In the above-described invention, the hydraulic ride control system may further comprise a selector valve arranged on a bypass line branching out from the connection line and disposed in parallel with the opening control valve such that the bypass line may normally be maintained in communication but may be cut off when a load pressure on the hydraulic cylinder has increased to at least a predetermined pressure.
In the above-described invention, a check valve may be arranged on the bypass line to bleed a pressure only from the hydraulic cylinder to the accumulator.
As the present invention can variably control the opening of the opening control valve by the control means depending on the weight of the front section, vibrations which take place when travelling with a load can be suppressed irrespective of the change in the weight of the front section. The present invention, therefore, makes it possible to improve the vibration suppression performance over the conventional technique.

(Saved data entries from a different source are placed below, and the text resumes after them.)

lemma pd_christ_00_base_curve:
  assumes "u > 0" "l < m"
  shows "pd 1 (\<lambda>q. christ g m 0 0 q l) (base_curve u) =
    (if l = 0 then k / u\<^sup>2 else if l = 1 then - (k\<^sup>2 + w\<^sup>2) / u\<^sup>2 else 0)"
proof (rule pd_eqI[of UNIV _ _ _ "\<lambda>h. Gamma 0 0 u h l"])
  have "((\<lambda>h. E_s u h / (2 * E u h)) has_real_derivative k / u\<^sup>2) (at 0)"
    using assms E_pos[of u]
    by (auto intro!: derivative_eq_intros simp: E_s_def E_def field_simps power2_eq_square power3_eq_cube)
  moreover have "((\<lambda>h. - E_t u h / 2) has_real_derivative - (k\<^sup>2 + w\<^sup>2) / u\<^sup>2) (at 0)"
    using assms
    by (auto intro!: derivative_eq_intros simp: E_t_def field_simps power2_eq_square)
  ultimately show "((\<lambda>h. Gamma 0 0 u h l) has_real_derivative
      (if l = 0 then k / u\<^sup>2 else if l = 1 then - (k\<^sup>2 + w\<^sup>2) / u\<^sup>2 else 0)) (at (base_curve u 1))"
    by (auto simp: Gamma_def base_curve_def vec2_def)
qed (use assms in \<open>auto simp: christ_eq_Gamma base_curve_def vec2_def\<close>)

lemma pd_christ_10_base_curve:
  assumes "u > 0" "l < m"
  shows "pd 0 (\<lambda>q. christ g m 1 0 q l) (base_curve u) = (if l = 0 then k / u\<^sup>2 else 0)"
proof (rule pd_eqI[of "{0<..}" _ _ _ "\<lambda>h. Gamma 1 0 h 0 l"])
  have "((\<lambda>h. - k / h) has_real_derivative k / u\<^sup>2) (at u)"
    using assms by (auto intro!: derivative_eq_intros simp: power2_eq_square)
  then show "((\<lambda>h. Gamma 1 0 h 0 l) has_real_derivative (if l = 0 then k / u\<^sup>2 else 0))
      (at (base_curve u 0))"
    by (auto simp: Gamma_def base_curve_def vec2_def)
qed (use assms in \<open>auto simp: christ_eq_Gamma base_curve_def vec2_def\<close>)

BRIEF DESCRIPTION OF THE DRAWINGS

FIG. 1 is an external view of a wheel loader referred to as one example of working vehicles to which a hydraulic ride control system according to a first embodiment of the present invention can be applied.
FIG. 2 is a circuit diagram illustrating the hydraulic ride control system according to the first embodiment of the present invention.
FIG. 3 is a diagram showing one example of opening characteristics of an opening control valve as available from the hydraulic ride control system according to the first embodiment of the present invention.
FIG. 4 is a diagram depicting one example of a relationship between a load pressure and a coefficient function set by a controller in the hydraulic ride control system according to the first embodiment of the present invention.
FIG. 5 is a diagram depicting one example of a relationship between a vehicle speed and a coefficient function set by the controller in the hydraulic ride control system according to the first embodiment of the present invention.
FIG. 6 is a diagram depicting one example of a relationship between the quantity of operator's instruction and a control current set by the controller in the hydraulic ride control system according to the first embodiment of the present invention.
FIG. 7 is a flow chart illustrating one example of processing performed by the controller in the hydraulic ride control system according to the first embodiment of the present invention.
FIG. 8 is a circuit diagram illustrating a hydraulic ride control system according to a second embodiment of the present invention.
FIG. 9 is a circuit diagram illustrating a conventional hydraulic ride control system for a working vehicle.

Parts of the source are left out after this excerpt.